En aquel momento la gente pareció distraerse con algo. El murmullo se extendía. Como una ola que llega del mar a la orilla, comenzaron a girar las cabezas hasta el punto de que Jesús dejó de hablar para prestar atención a lo que sucedía. Entonces preguntó:
- ¿Qué ocurre?
Alguien, situado en una de las esquinas más alejadas, contestó:
- ¡Tu madre y tus hermanos están afuera, dicen que quieren hablar contigo!
- ¿Y quiénes son?
Miró Jesús a los que estaban sentados a su alrededor y añadió:
- Vosotros sois mi madre y mis hermanos. Todo el que hace la voluntad de Dios, ese es mi hermano, mi hermana y mi madre.
Se dispuso a continuar con su parábola, pero Jacobo y Judas, que habían conseguido abrirse paso, llegaron hasta él. El primero de ellos, acercándose con prudencia le habló al oído:
- Vuelve con nosotros, Jesús. ¿No entiendes que entre esta gente hay escribas y fariseos que quieren quitarte de en medio? No te fíes de ninguno. ¿No comprendes que si los irritas, a una orden suya todos los que ahora te admiran se unirán para apedrearte?
En el mismo tono de voz que usaba su hermano, Jesús respondió:
- ¿Acaso sabes tú si es hoy cuando he de morir? ¿Te ha sido revelado ese secreto? ¿Es siendo apedreado como voy a encontrarme con la muerte?

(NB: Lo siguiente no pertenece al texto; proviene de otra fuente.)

(* Assume $\eta_{\rm ch}^{\rm EES}\eta_{\rm dch}^{\rm EES}<1$ and $\eta_{\rm ch}^{\rm TES}\eta_{\rm dch}^{\rm TES}<1$. Let $X^*$ be an optimal solution of $\mathbf{P2}$ (components denoted with a superscript $*$) such that for every $t\in\mathcal T$ $$\frac{P_t^{\rm res}-P_t^{\rm curt*}}{1-\eta_{\rm ch}^{\rm EES}\eta_{\rm dch}^{\rm EES}}\;\ge\;\min\!\left(P_{\mathrm{ch},t}^{\rm EES*},\ \frac{P_{\mathrm{dch},t}^{\rm EES*}}{\eta_{\rm ch}^{\rm EES}\eta_{\rm dch}^{\rm EES}}\right).$$ Let $\widetilde X^*$ be obtained from $X^*$ by applying, at every $t\in\mathcal T$, the EES equivalent-energy-change (EEC) transform together with the replacement $P_t^{\rm curt*}\mapsto\widetilde P_t^{\rm curt*}=P_t^{\rm curt*}+\Delta P_t^{\rm EES}$, and the TES EEC transform together with the replacement $H_t^{\rm curt*}\mapsto\widetilde H_t^{\rm curt*}=H_t^{\rm curt*}+\Delta H_t^{\rm TES}$ (all other components unchanged). Then $\widetilde X^*$ is an optimal solution of $\mathbf{P1}$, and the optimal values of $\mathbf{P1}$ and $\mathbf{P2}$ coincide.
   Context: Fix a multi-energy system (MES) and a rolling optimization horizon of periods $t\in\mathcal T=\{t_{\rm c},t_{\rm c}+1,\dots,t_{\rm e}\}$, each of length $\Delta T>0$. Given real data: electricity prices $\mu_{\mathrm{e},t}$ and gas prices $\mu_{\mathrm{g},t}$; forecast renewable (RES) output $P_t^{\mathrm{res}}\ge 0$; fixed electric and thermal loads $L_{\mathrm{e},t},L_{\mathrm{th},t}$; conversion efficiencies $\eta_{\rm ge}^{\rm CHP},\eta_{\rm gth}^{\rm CHP},\eta_{\rm gth}^{\rm GF},\eta_{\rm eth}^{\rm EB}>0$; storage efficiencies $\eta_{\rm ch}^{\rm EES},\eta_{\rm dch}^{\rm EES},\eta_{\rm ch}^{\rm TES},\eta_{\rm dch}^{\rm TES}\in(0,1]$; self-discharge rates $\alpha^{\rm EES},\alpha^{\rm TES}$; current storage energies $E_{t_{\rm c}}^{\rm EES},E_{t_{\rm c}}^{\rm TES}$; and the bounds listed below. Decision variables for each $t\in\mathcal T$: $P_t$ (power imported from the grid; $P_t<0$ means export), gas inputs $G_t^{\rm CHP},G_t^{\rm GF}$, electric boiler input $P_t^{\rm EB}$, electric storage (EES) charging/discharging powers $P_{\mathrm{ch},t}^{\rm EES},P_{\mathrm{dch},t}^{\rm EES}$, thermal storage (TES) charging/discharging amounts $H_{\mathrm{ch},t}^{\rm TES},H_{\mathrm{dch},t}^{\rm TES}$, curtailed RES power $P_t^{\rm curt}$ and curtailed heat $H_t^{\rm curt}$, shiftable loads $L_{\mathrm{e},t}^{\rm sl},L_{\mathrm{th},t}^{\rm sl}$. Per-period cost: $F_t=\mu_{\mathrm{e},t}P_t+\mu_{\mathrm{g},t}(G_t^{\rm CHP}+G_t^{\rm GF})$. Define $\Delta E_t^{\rm EES}=\Delta T\,(\eta_{\rm ch}^{\rm EES}P_{\mathrm{ch},t}^{\rm EES}-P_{\mathrm{dch},t}^{\rm EES}/\eta_{\rm dch}^{\rm EES})$ and $\Delta E_t^{\rm TES}=\Delta T\,(\eta_{\rm ch}^{\rm TES}H_{\mathrm{ch},t}^{\rm TES}-H_{\mathrm{dch},t}^{\rm TES}/\eta_{\rm dch}^{\rm TES})$. Constraints (for all $t\in\mathcal T$ unless stated otherwise): (C1) electric balance: $P_t+P_t^{\rm res}+\eta_{\rm ge}^{\rm CHP}G_t^{\rm CHP}-P_t^{\rm EB}+P_{\mathrm{dch},t}^{\rm EES}-P_{\mathrm{ch},t}^{\rm EES}-P_t^{\rm curt}=L_{\mathrm{e},t}^{\rm sl}+L_{\mathrm{e},t}$; (C2) thermal balance: $\eta_{\rm gth}^{\rm CHP}G_t^{\rm CHP}+\eta_{\rm gth}^{\rm GF}G_t^{\rm GF}+\eta_{\rm eth}^{\rm EB}P_t^{\rm EB}+H_{\mathrm{dch},t}^{\rm TES}-H_{\mathrm{ch},t}^{\rm TES}-H_t^{\rm curt}=L_{\mathrm{th},t}^{\rm sl}+L_{\mathrm{th},t}$; (C3) $-\overline P^{\rm out}\le P_t\le\overline P^{\rm in}$ with $\overline P^{\rm out},\overline P^{\rm in}>0$; (C4) $\underline P^{\rm CHP}\le\eta_{\rm ge}^{\rm CHP}G_t^{\rm CHP}\le\overline P^{\rm CHP}$, $\underline P^{\rm GF}\le\eta_{\rm gth}^{\rm GF}G_t^{\rm GF}\le\overline P^{\rm GF}$, $\underline P^{\rm EB}\le P_t^{\rm EB}\le\overline P^{\rm EB}$; (C5) ramping, for $t,t+1\in\mathcal T$: $|\eta_{\rm ge}^{\rm CHP}(G_{t+1}^{\rm CHP}-G_t^{\rm CHP})|\le\Delta P^{\rm CHP}$, $|P_{t+1}^{\rm EB}-P_t^{\rm EB}|\le\Delta P^{\rm EB}$; (C6) $0\le P_{\mathrm{ch},t}^{\rm EES}\le\overline P_{\rm ch}^{\rm EES}$, $0\le P_{\mathrm{dch},t}^{\rm EES}\le\overline P_{\rm dch}^{\rm EES}$, $0\le H_{\mathrm{ch},t}^{\rm TES}\le\overline H_{\rm ch}^{\rm TES}$, $0\le H_{\mathrm{dch},t}^{\rm TES}\le\overline H_{\rm dch}^{\rm TES}$; (C7) complementarity: $P_{\mathrm{ch},t}^{\rm EES}P_{\mathrm{dch},t}^{\rm EES}=0$ and $H_{\mathrm{ch},t}^{\rm TES}H_{\mathrm{dch},t}^{\rm TES}=0$; (C8) shiftable loads, for given subsets $\Omega_{\rm e},\Omega_{\rm th}$ of periods and given totals/upper limits: $\sum_{t\in\Omega_{\rm e}}L_{\mathrm{e},t}^{\rm sl}=L_{\rm e}^{\rm sl}$, $0\le L_{\mathrm{e},t}^{\rm sl}\le\overline L_{\rm e}^{\rm sl}$ for $t\in\Omega_{\rm e}$; $\sum_{t\in\Omega_{\rm th}}L_{\mathrm{th},t}^{\rm sl}=L_{\rm th}^{\rm sl}$, $0\le L_{\mathrm{th},t}^{\rm sl}\le\overline L_{\rm th}^{\rm sl}$ for $t\in\Omega_{\rm th}$; (C9) $0\le P_t^{\rm curt}\le P_t^{\rm res}$ and $0\le H_t^{\rm curt}$; (C10) energy bounds: $\underline E^{\rm EES}\le(1-\alpha^{\rm EES})E_{t_{\rm c}}^{\rm EES}+\sum_{\tau=t_{\rm c}}^{t}\Delta E_\tau^{\rm EES}\le\overline E^{\rm EES}$ and $\underline E^{\rm TES}\le(1-\alpha^{\rm TES})E_{t_{\rm c}}^{\rm TES}+\sum_{\tau=t_{\rm c}}^{t}\Delta E_\tau^{\rm TES}\le\overline E^{\rm TES}$; (C11) target energy: $E_{t_{\rm c}}^{\rm EES}+\sum_{\tau=t_{\rm c}}^{t_{\rm e}}\Delta E_\tau^{\rm EES}=E_{\rm targ}^{\rm EES}$ and $E_{t_{\rm c}}^{\rm TES}+\sum_{\tau=t_{\rm c}}^{t_{\rm e}}\Delta E_\tau^{\rm TES}=E_{\rm targ}^{\rm TES}$. Problem $\mathbf{P1}$: minimize $\sum_{t\in\mathcal T}F_t$ subject to (C1)–(C11). Problem $\mathbf{P2}$ (the relaxation): minimize $\sum_{t\in\mathcal T}F_t$ subject to (C1)–(C6) and (C8)–(C11), i.e. $\mathbf{P1}$ with the complementarity constraints (C7) removed; $\mathbf{P2}$ is a linear program. EEC transform for the EES at period $t$: given $(P_{\mathrm{ch},t}^{\rm EES*},P_{\mathrm{dch},t}^{\rm EES*})$ with energy change $\Delta E_t^{\rm EES*}$ (computed by the formula above), set $(\widetilde P_{\mathrm{ch},t}^{\rm EES*},\widetilde P_{\mathrm{dch},t}^{\rm EES*})=\big(\Delta E_t^{\rm EES*}/(\eta_{\rm ch}^{\rm EES}\Delta T),\,0\big)$ if $\Delta E_t^{\rm EES*}\ge0$, and $=\big(0,\,-\Delta E_t^{\rm EES*}\eta_{\rm dch}^{\rm EES}/\Delta T\big)$ if $\Delta E_t^{\rm EES*}<0$; and let $\Delta P_t^{\rm EES}=(\widetilde P_{\mathrm{dch},t}^{\rm EES*}-\widetilde P_{\mathrm{ch},t}^{\rm EES*})-(P_{\mathrm{dch},t}^{\rm EES*}-P_{\mathrm{ch},t}^{\rm EES*})$ be the resulting change of net discharge power. The TES EEC transform is defined identically with $H_{\mathrm{ch},t}^{\rm TES*},H_{\mathrm{dch},t}^{\rm TES*},\Delta E_t^{\rm TES*},\eta_{\rm ch}^{\rm TES},\eta_{\rm dch}^{\rm TES}$ in place of the EES quantities, producing $\widetilde H_{\mathrm{ch},t}^{\rm TES*},\widetilde H_{\mathrm{dch},t}^{\rm TES*}$, with $\Delta H_t^{\rm TES}=(\widetilde H_{\mathrm{dch},t}^{\rm TES*}-\widetilde H_{\mathrm{ch},t}^{\rm TES*})-(H_{\mathrm{dch},t}^{\rm TES*}-H_{\mathrm{ch},t}^{\rm TES*})$. *)

theory Defs
  imports Complex_Main
begin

Al oír aquello, Judas ni siquiera intentó abrir su boca. Ambos, airados, se volvieron con la intención de salir del cuarto.A la puerta les esperaba José para marcharse con ellos, pero María, su madre, que guardaba tantas cosas en su corazón, había decidido quedarse con Jesús.Sabía que de todos sus hijos era él quien más la necesitaba cerca.